Zfl2‐2mneoI, described previously (Sugano et al, 2006; Garcia‐Perez et al, 2010); contains a full‐length copy of the zebrafish Zfl2‐2 element tagged with the mneoI indicator cassette inside the 3′UTR of the LINE (Freeman et al, 1994; Sugano et al, 2006) and is cloned in pCEP4 (Life Technologies).
pT2neo, described previously (Mates et al, 2009); contains an SV40‐driven neomycin phosphotransferase cDNA flanked by SB TIRs.
pCMV‐SB100x, described previously (Mates et al, 2009); contains a CMV‐driven hyperactive SB Transposase.
pCEP‐EGFP, described previously (Alisch et al, 2006); contains the coding sequence of the humanised GFP protein cloned in pCEP4 (Invitrogen).
pGEX6P1‐hsRNASEH2BCA, pGEX6P1‐hsRNASEH2BCA(D34A/D169A), pGEX6P1‐hsRNASEH2B(A177T)CA and pGEX6P1‐hsRNASEH2BC(R69W)A, described previously (Reijns et al, 2011) allow expression in Escherichia coli of GST‐tagged human RNASEH2B and non‐tagged RNASEH2C and A subunits. Amino acid substitutions indicated in brackets were introduced into the relevant subunits by site‐directed mutagenesis.

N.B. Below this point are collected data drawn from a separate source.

(* A countable locally finite group $G$ is finite if and only if $\operatorname{asdim}_{AN}(G,d_G)=0$ for every proper left invariant metric $d_G$ on $G$.
   Context: A group is locally finite if every finitely generated subgroup is finite. A metric $d_G$ on $G$ is proper left invariant if $d_G(gh,gk)=d_G(h,k)$ for all $g,h,k$ and every ball is finite. $\operatorname{asdim}_{AN}(X)=0$ means there are constants $C>0$, $k\in\mathbb{R}$ such that for every $s>0$ each $s$-scale connected component of $X$ (class of the relation "joined by a finite chain $x_0,\dots,x_m$ with $d(x_i,x_{i+1})<s$") has diameter at most $Cs+k$. *)

theory Defs
  imports "HOL-Algebra.Algebra"
begin

definition locally_finite_group :: "('a, 'b) monoid_scheme \<Rightarrow> bool" where
  "locally_finite_group G \<longleftrightarrow>
     (\<forall>S. S \<subseteq> carrier G \<and> finite S \<longrightarrow> finite (generate G S))"

definition metric_on :: "'a set \<Rightarrow> ('a \<Rightarrow> 'a \<Rightarrow> real) \<Rightarrow> bool" where
  "metric_on A \<rho> \<longleftrightarrow>
     (\<forall>x\<in>A. \<forall>y\<in>A. \<rho> x y \<ge> 0 \<and> (\<rho> x y = 0 \<longleftrightarrow> x = y) \<and> \<rho> x y = \<rho> y x) \<and>
     (\<forall>x\<in>A. \<forall>y\<in>A. \<forall>z\<in>A. \<rho> x z \<le> \<rho> x y + \<rho> y z)"

definition proper_left_invariant_metric ::
  "('a, 'b) monoid_scheme \<Rightarrow> ('a \<Rightarrow> 'a \<Rightarrow> real) \<Rightarrow> bool" where
  "proper_left_invariant_metric G \<rho> \<longleftrightarrow>
     metric_on (carrier G) \<rho> \<and>
     (\<forall>g\<in>carrier G. \<forall>h\<in>carrier G. \<forall>k\<in>carrier G.
        \<rho> (g \<otimes>\<^bsub>G\<^esub> h) (g \<otimes>\<^bsub>G\<^esub> k) = \<rho> h k) \<and>
     (\<forall>x\<in>carrier G. \<forall>r::real. finite {y \<in> carrier G. \<rho> x y \<le> r})"

definition scale_connected :: "'a set \<Rightarrow> ('a \<Rightarrow> 'a \<Rightarrow> real) \<Rightarrow> real \<Rightarrow> 'a \<Rightarrow> 'a \<Rightarrow> bool" where
  "scale_connected A \<rho> s x y \<longleftrightarrow>
     x \<in> A \<and> (\<lambda>a b. a \<in> A \<and> b \<in> A \<and> \<rho> a b < s)\<^sup>*\<^sup>* x y"

definition asdim_AN_zero :: "'a set \<Rightarrow> ('a \<Rightarrow> 'a \<Rightarrow> real) \<Rightarrow> bool" where
  "asdim_AN_zero A \<rho> \<longleftrightarrow>
     (\<exists>C::real. \<exists>k::real. C > 0 \<and>
        (\<forall>s>0. \<forall>x y. scale_connected A \<rho> s x y \<longrightarrow> \<rho> x y \<le> C * s + k))"

end

theory Submission
  imports Defs "HOL-Library.Countable_Set"
begin

(* If G is finite, every metric on it has bounded diameter, so asdim_AN = 0 with C = 1 and k the
   diameter.  If G is infinite, we build one bad metric.  Enumerating G, we pick generators
   t_0, t_1, ... with t_n outside the finite subgroup H_n generated by t_0, ..., t_(n-1); the
   chain H_n exhausts G and |H_n| >= 2^n.  Giving t_i a weight w(i) that is constant on the
   blocks [T j, T (j+1)) of a very fast growing tower T, the weighted word length defines a
   proper left invariant metric.  At scale s = T K + 1 the whole subgroup H_n, n = T (K+1), is
   s-connected to the identity, but counting words shows it contains an element of length
   larger than T K (T K + 2) >= C s + k once K >= C, k. *)


subsection \<open>Finite sets have asymptotic Assouad-Nagata dimension zero\<close>

lemma scale_connected_mem:
  assumes "scale_connected A \<rho> s x y"
  shows "x \<in> A" "y \<in> A"
proof -
  have x: "x \<in> A" and chain: "(\<lambda>a b. a \<in> A \<and> b \<in> A \<and> \<rho> a b < s)\<^sup>*\<^sup>* x y"
    using assms unfolding scale_connected_def by auto
  from chain show "y \<in> A" by (induct rule: rtranclp_induct) (use x in auto)
  show "x \<in> A" by (fact x)
qed

text \<open>On a finite set all distances are bounded by the diameter, which serves as the
  additive constant.\<close>

lemma finite_imp_asdim_AN_zero:
  assumes "finite A"
  shows "asdim_AN_zero A \<rho>"
proof -
  define D where "D = Max (insert 0 (case_prod \<rho> ` (A \<times> A)))"
  have "\<rho> x y \<le> 1 * s + D" if "s > 0" "scale_connected A \<rho> s x y" for s x y
  proof -
    have "(x, y) \<in> A \<times> A" using scale_connected_mem[OF that(2)] by simp
    hence "\<rho> x y \<le> D" unfolding D_def using assms by (intro Max_ge) force+
    thus ?thesis using that(1) by simp
  qed
  thus ?thesis unfolding asdim_AN_zero_def by (intro exI[of _ 1] exI[of _ D]) auto
qed


subsection \<open>A fast growing tower and block weights\<close>

text \<open>The tower grows so fast that words of weight at most T j (T j + 2) are
  outnumbered by 2 ^ T (j+1).\<close>

fun tower :: "nat \<Rightarrow> nat" where
  "tower 0 = 1"
| "tower (Suc j) = 2 ^ (4 * (tower j * (tower j + 2)))"

lemma tower_less_Suc: "tower j < tower (Suc j)"
proof -
  have "tower j \<le> 4 * (tower j * (tower j + 2))" by simp
  also have "\<dots> < 2 ^ (4 * (tower j * (tower j + 2)))" by (rule less_exp)
  finally show ?thesis by simp
qed

lemma strict_mono_tower: "strict_mono tower"
  unfolding strict_mono_Suc_iff using tower_less_Suc by blast

declare tower.simps(2) [simp del]

lemma less_tower: "j < tower j"
proof (induct j)
  case (Suc j) then show ?case using tower_less_Suc[of j] by linarith
qed simp

text \<open>Index i lies in block j when T j \<le> i < T (j+1) (block 0 also
  contains the indices below 1); all generators of a block get the weight T j.\<close>

definition block :: "nat \<Rightarrow> nat" where
  "block i = (LEAST j. i < tower (Suc j))"

definition weight :: "nat \<Rightarrow> nat" where
  "weight i = tower (block i)"

lemma less_tower_block: "i < tower (Suc (block i))"
  unfolding block_def by (rule LeastI[of _ i]) (use less_tower[of "Suc i"] in auto)

lemma weight_pos: "0 < weight i"
  unfolding weight_def using less_tower[of "block i"] by simp

lemma weight_le_tower: "i < tower (Suc j) \<Longrightarrow> weight i \<le> tower j"
  unfolding weight_def block_def
  by (simp add: Least_le strict_mono_less_eq[OF strict_mono_tower])

lemma index_less_tower: "weight i < tower (Suc j) \<Longrightarrow> i < tower (Suc j)"
proof -
  assume "weight i < tower (Suc j)"
  hence "block i \<le> j" unfolding weight_def using strict_mono_less[OF strict_mono_tower] by simp
  hence "tower (Suc (block i)) \<le> tower (Suc j)" by (simp add: strict_mono_less_eq[OF strict_mono_tower])
  thus ?thesis using less_tower_block[of i] by linarith
qed
(* Let $s\in(1/2,1)$, $\gamma\in(1,2s)$ and $A\subset(0,\gamma)$ finite. Let $B\subset\mathbb{R}^{1+d}$ be a half-parabolic ball, $U:B\times B\to\mathbb{R}$ a germ with $[U]_{\gamma;B}<\infty$, and let $\nu:B\to\mathbb{R}^d$, $\nu(x):=\nabla_{y_{1:d}}U(x,y)|_{y=x}$ (the vector at which the infimum in the definition of $[U]_{\gamma;B}$ is attained). Let $\Lambda:B\times B\to\mathbb{R}^d$ be a germ such that $[U]_{\gamma\text{-3pt};B}<\infty$ with respect to $\Lambda$ and $A$, and consider the germ $(\nu-\Lambda)(x,y):=\nu(y)-\nu(x)-\Lambda(x,y)$. Then $$[\nu-\Lambda]_{\gamma-1;B}\lesssim[U]_{\gamma\text{-3pt};B}+[U]_{\gamma;B},$$ with implicit constant depending only on $\gamma$ and $A$.
   Context: Points of $\mathbb{R}^{1+d}$ are $x=(x_0,x_{1:d})$. Metric $d(x,y):=\max\{|x_0-y_0|^{1/(2s)},|x_{1:d}-y_{1:d}|\}$. Half-parabolic ball $B_r(x):=(x_0-r^{2s},x_0]\times B_r(x_{1:d})$. $w\cdot(y-x):=w\cdot(y_{1:d}-x_{1:d})$. For a (scalar or vector valued) germ $G$ and $\alpha\in(0,2s)\setminus\{1\}$: $[G]_{\alpha;B}:=\sup_{x\in B}\inf_{\nu\in\mathbb{R}^d}\sup_{y\in B,y_0\le x_0}|G(x,y)-G(x,x)-\mathbb{1}_{\alpha>1}\nu\cdot(y-x)|/d(x,y)^\alpha$ (for $\alpha<1$ no $\nu$ term). $[U]_{\gamma\text{-3pt};B}$ is the smallest $C$ with $|U(x,z)-U(x,y)-U(y,z)+U(y,y)+\Lambda(x,y)\cdot(z-y)|\le C\sum_{\beta\in A}d(x,y)^\beta d(y,z)^{\gamma-\beta}$ for all $x,y,z\in B$ with $z_0\le y_0\le x_0$. *)

theory Defs
  imports "HOL-Analysis.Analysis" "HOL-Library.Extended_Real" "HOL-Library.Function_Algebras"
begin
definition gamma_robust :: "nat \<Rightarrow> real mat \<Rightarrow> real \<Rightarrow> bool" where
  "gamma_robust n F \<gamma> \<longleftrightarrow>
     hurwitz (- F) \<and>
     (\<forall>d x. bounded_disturbance n d \<longrightarrow> is_solution n F d x \<longrightarrow>
        (\<forall>t\<ge>0. \<forall>i<n. \<bar>x t $ i\<bar> \<le> \<gamma> * Max ((\<lambda>j. SUP s\<in>{0..}. \<bar>d s $ j\<bar>) ` {..<n})))"

definition scalable :: "nat \<Rightarrow> real mat \<Rightarrow> nat \<Rightarrow> real mat \<Rightarrow> bool" where
  "scalable n F n' F' \<longleftrightarrow> (\<forall>\<gamma>>0. gamma_robust n F \<gamma> \<longrightarrow> gamma_robust n' F' \<gamma>)"

end

theory Submission
  imports Defs "HOL-Real_Asymp.Real_Asymp"
begin

text \<open>For a Z-matrix \<open>F\<close> (so that \<open>-F\<close> is Metzler) with \<open>-F\<close> Hurwitz and \<open>F w = \<one>\<close>,
  the system \<open>x' = -F x + d\<close> is \<open>\<gamma>\<close>-robust exactly when \<open>\<gamma> \<ge> max\<^sub>i w\<^sub>i\<close>.
  Sufficiency is a comparison argument: the state cannot leave the box
  \<open>|x\<^sub>i| < (\<parallel>d\<parallel> + \<epsilon>) w\<^sub>i\<close>, because on its boundary the off-diagonal signs of \<open>F\<close> make
  the vector field point inwards. Necessity comes from a disturbance with \<open>\<parallel>d\<parallel> \<le> 1\<close> that
  drives the state along the ray through \<open>w\<close> towards \<open>w\<close>. Positivity of \<open>w\<close> follows by
  continuation from \<open>(F + s I)\<^sup>-\<^sup>1 \<one>\<close> for large \<open>s\<close>: its least component never vanishes
  for \<open>s \<ge> 0\<close>, as \<open>F + s I\<close> stays nonsingular.

  Adding an isolated node with rate \<open>a\<^sub>N\<^sub>+\<^sub>1\<close> keeps the Hurwitz property and appends the
  component \<open>1 / a\<^sub>N\<^sub>+\<^sub>1\<close> to \<open>u\<close>, so the smallest admissible \<open>\<gamma>\<close> stays \<open>max\<^sub>i u\<^sub>i\<close> precisely when
  \<open>1 / a\<^sub>N\<^sub>+\<^sub>1 \<le> max\<^sub>i u\<^sub>i\<close>.\<close>

definition Z_matrix :: "real mat \<Rightarrow> bool" where
  "Z_matrix F \<longleftrightarrow> (\<forall>i<dim_row F. \<forall>j<dim_col F. i \<noteq> j \<longrightarrow> F $$ (i, j) \<le> 0)"
(* Let $a>0$, $\mu\in(0,1]$, $0<\lambda<1$ and let $\gamma$ be a local stable leaf. Then the $\theta_a$-diameter of $\mathcal D(\lambda a,\mu,\gamma)$ inside $\mathcal D(a,\mu,\gamma)$, i.e. $\sup\{\theta_a(\rho',\rho''):\rho',\rho''\in\mathcal D(\lambda a,\mu,\gamma)\}$, is at most $D(a):=4a+\log(\tau_2/\tau_1)<\infty$, where $\tau_1:=\inf\{\frac{z-z^{\lambda}}{z-z^{-\lambda}}:z>1\}$ and $\tau_2:=\sup\{\frac{z-z^{-\lambda}}{z-z^{\lambda}}:z>1\}$. In particular, if $\omega$, $a'>0$ and $a$ satisfy $\lambda:=(a'+\bar G(\omega))\lambda_s^\mu/a<1$, then for every leaf $\gamma$ and preimage leaf $\gamma_j$, $$\sup\{\theta_a(\mathscr L_j^\omega\rho',\mathscr L_j^\omega\rho''):\ \rho',\rho''\in\mathcal D(a',\mu,\gamma)\}\le D(a),$$ a bound independent of $\gamma$ and $\gamma_j$.
   Context: Local stable leaves $\gamma$ of a uniformly hyperbolic set $\Lambda$ of a $C^2$ diffeomorphism $f$ of a compact Riemannian manifold (distance $d\le 1$ on the relevant open set $Q$), with induced Riemannian measures $m_\gamma$. $\mathcal D(a,\mu,\gamma):=\{\rho:\gamma\to\mathbb R:\ \rho>0,\ \rho(x)\le\rho(y)e^{a d(x,y)^\mu}\ \forall x,y\in\gamma\}$, and $\theta_a$ is its Hilbert projective metric: with $v\preceq w$ iff $w-v\in\mathcal D(a,\mu,\gamma)\cup\{0\}$, $\theta_a(v_1,v_2)=\log(\beta/\alpha)$ where $\alpha=\sup\{t>0:tv_1\preceq v_2\}$, $\beta=\inf\{s>0:v_2\preceq sv_1\}$. Constants: $0<\lambda_s<1$ with $d(fx,fy)\le\lambda_s d(x,y)$ on leaves; preimage leaves $\gamma_1,\dots,\gamma_n$ of $\gamma$ satisfy $\gamma\cap f(Q)=\bigcup_jf(\gamma_j)$; $\mathscr L_j^\omega\rho:=\frac{|\det D(f|_{\gamma_j})|}{|\det Df|}(\rho\circ f)(g(Y_1(\omega),\cdot)\circ f)$ on $\gamma_j$, with $g$ a nonnegative likelihood and $G(\omega)$ a log-Lipschitz constant of $g(Y_1(\omega),\cdot)$ on $Q$; $\bar G(\omega):=G(\omega)+(K_1+K_2)/\lambda_s^\mu$ with $K_1,K_2$ Lipschitz constants of $\log|\det Df|$ and $\log|\det D(f|_{\gamma_j})|$. *)

theory Defs
  imports "HOL-Analysis.Analysis"
begin
(* Let $q$ be a power of an odd prime, $j\in\mathbb F_q$, $S_j=\{x\in\mathbb F_q^d:\|x\|=j\}$, $A\subset S_j$, $B\subset\mathbb F_q^d$, and for $t\in\mathbb F_q$ let $\mu(t)$ be the number of pairs $(a,b)\in A\times B$ with $\|a-b\|=t$. Then \[\sum_{t\in\mathbb F_q}\mu^2(t)\le\frac{|A|^2|B|^2}{q}+q^{d-1}|A||B|+q^{-2}\eta^d(-1)G_1^d|A|\sum_{b,b'\in B,\ s,r\ne0}\eta^d(r)\,\chi\Big(jr+\frac{s^2\|b'-b\|}{r}\Big)\chi\big(s(\|b'\|-\|b\|)\big).\]
   Context: $\chi$ is a nontrivial additive character of $\mathbb F_q$, $\|x\|=x_1^2+\cdots+x_d^2$, $\eta$ is the quadratic character of $\mathbb F_q^*$, $G_1=\sum_{t\in\mathbb F_q^*}\eta(t)\chi(t)$ is the standard Gauss sum, and $s,r$ range over $\mathbb F_q^*$. *)

theory Defs
  imports "HOL-Analysis.Analysis"
begin

definition nontriv_add_char :: "('a::field \<Rightarrow> complex) \<Rightarrow> bool" where
  "nontriv_add_char \<psi> \<longleftrightarrow> \<psi> 0 = 1 \<and> (\<forall>x y. \<psi> (x + y) = \<psi> x * \<psi> y) \<and> (\<exists>x. \<psi> x \<noteq> 1)"

text \<open>Quadratic character of F^*, extended by 0 at 0 (only used on nonzero arguments).\<close>
definition qchar :: "'a::field \<Rightarrow> complex" where
  "qchar t = (if t = 0 then 0 else if (\<exists>y. y ^ 2 = t) then 1 else -1)"

definition gauss1 :: "('a::{field,finite} \<Rightarrow> complex) \<Rightarrow> complex" where
  "gauss1 \<psi> = (\<Sum>t\<in>{t::'a. t \<noteq> 0}. qchar t * \<psi> t)"

definition sqn :: "'a::field ^ 'n \<Rightarrow> 'a" where
  "sqn x = (\<Sum>i\<in>UNIV. (x $ i) ^ 2)"

end

theory Submission
  imports Defs
begin

text \<open>Write S(s) for the sum of chi(s ||a - b||) over (a, b) in A x B. Orthogonality of chi gives
  sum_t mu(t)^2 = q^-1 sum_s |S(s)|^2, and s = 0 contributes |A|^2 |B|^2. For s <> 0, Cauchy-Schwarz
  in a together with A <= S_j bounds |S(s)|^2 by |A| times the energy E(s), the sum over a in S_j
  of |sum_b chi(s ||a - b||)|^2. Expanding the square turns E(s) into a sum over pairs b, b' of the
  Fourier transform of S_j at 2s(b' - b). Detecting S_j by characters and completing squares evaluates
  this transform through Gauss sums: the diagonal b = b' gives |B| q^(d-1) and the rest is the kernel
  of the statement. Summing over s <> 0 then only loses the factor (q - 1)/q on the diagonal.\<close>

lemma sum_UNIV_split_zero:
  fixes f :: "'a::{zero,finite} \<Rightarrow> 'b::comm_monoid_add"
  shows "(\<Sum>x\<in>UNIV. f x) = f 0 + (\<Sum>x\<in>{x. x \<noteq> 0}. f x)"
proof -
  have "UNIV - {0} = {x::'a. x \<noteq> 0}" by auto
  with sum.remove[of UNIV 0 f] show ?thesis by simp
qed
lemma inner_le_tail_of_cone:
  assumes "card T \<le> s" and cone: "(\<Sum>i\<in>-T. \<bar>v$i\<bar>) \<le> (\<Sum>i\<in>T. \<bar>v$i\<bar>)"
  obtains T' where "T' \<subseteq> -T" "card T' \<le> s"
    "\<And>u. l0 u \<le> s \<Longrightarrow> supp u \<inter> (-T - T') = {} \<Longrightarrow>
      \<bar>inner (phi *v u) (phi *v vec_restrict (-T - T') v)\<bar> \<le> d * norm u * norm (vec_restrict T v)"
proof (cases "card (-T) \<le> s")
  case True
  then show ?thesis
    using d_nonneg by (intro that[of "-T"]) auto
next
  case False
  then obtain T' where T': "T' \<subseteq> -T" "card T' = s"
    "\<And>i j. i \<in> T' \<Longrightarrow> j \<in> -T - T' \<Longrightarrow> \<bar>v$j\<bar> \<le> \<bar>v$i\<bar>"
    using obtain_top_subset_with_card[of "-T" s "\<lambda>i. \<bar>v$i\<bar>"] by (metis finite nat_le_linear)
  have "(\<Sum>i\<in>T'. \<bar>v$i\<bar>) + (\<Sum>i\<in>-T - T'. \<bar>v$i\<bar>) = (\<Sum>i\<in>-T. \<bar>v$i\<bar>)"
    using T'(1) by (simp add: sum.subset_diff[of T' "-T"])
  also have "\<dots> \<le> sqrt (card T) * norm (vec_restrict T v)"
    using cone sum_abs_le_sqrt_card_norm[of v T] by linarith
  also have "\<dots> \<le> sqrt s * norm (vec_restrict T v)"
    using assms(1) by (intro mult_right_mono) auto
  finally have tail_mass: "((\<Sum>i\<in>T'. \<bar>v$i\<bar>) + (\<Sum>i\<in>-T - T'. \<bar>v$i\<bar>)) / sqrt s \<le> norm (vec_restrict T v)"
    using s_pos by (simp add: divide_le_eq mult.commute)
  have mass: "d * norm u * ((\<Sum>i\<in>T'. \<bar>v$i\<bar>) + (\<Sum>i\<in>-T - T'. \<bar>v$i\<bar>)) / sqrt s
      \<le> d * norm u * norm (vec_restrict T v)" for u :: "real^'n"
    using mult_left_mono[OF tail_mass, of "d * norm u"] d_nonneg by simp
  show ?thesis
  proof (rule that[of T'])
    show "T' \<subseteq> -T" "card T' \<le> s"
      using T'(1,2) by auto
    show "\<bar>inner (phi *v u) (phi *v vec_restrict (-T - T') v)\<bar> \<le> d * norm u * norm (vec_restrict T v)"
      if "l0 u \<le> s" "supp u \<inter> (-T - T') = {}" for u
      using inner_le_tail[OF that T'(2,3)] mass[of u] by linarith
  qed
qed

pGEX6P1‐hsRNASEH2BCA(P40D/Y210A), pGEX6P1‐hsRNASEH2BCA(G37S) and pGEX6P1‐hsRNASEH2BCA(E225G) had the P40D/Y210A separation of function mutations, and G37S and E225G AGS mutations respectively introduced into RNASEH2A by site‐directed mutagenesis.
Generation of RNASEH2A knockout cell lines
To establish RNASEH2A‐KO cell lines, cells were seeded in 6‐well plates and transfected with the two vectors encoding both the sgRNAs and Cas9n using Lipofectamine 2000 (Thermo Fisher Scientific). Forty‐eight hours after transfection, single EGFP‐expressing cells were sorted into 96‐well plates on a BD FACSJazz instrument (BD Biosciences) and grown until cell lines formed. RNASEH2A‐KO clones were selected on the basis of the size of PCR products of the targeted region, and deletions/insertions subsequently confirmed by Sanger DNA sequencing. Oligonucleotides (5′–3′) used for PCR amplification and sequencing of targeted RNASEH2A loci were 5′‐ACCCGCTCCTGCAGTATTAG and 5′‐TCCCTTGGTGCAGTGCAATC. The absence of functional RNASEH2A was confirmed by immunoblotting, by an RNase H2 activity assay, and using alkaline gel electrophoresis as described below. Only clones confirmed to be functionally null were used for subsequent experiments. Some knockout clones retained very low levels of RNASEH2A protein expression, apparent upon long exposure of immunoblots. For these clones, Sanger sequencing showed the presence of in‐frame deletions, in each case removing essential catalytic site residues, including Asp34, rendering them enzymatically non‐functional. Clones expressing wild‐type RNASEH2A protein were identified in parallel and used as controls.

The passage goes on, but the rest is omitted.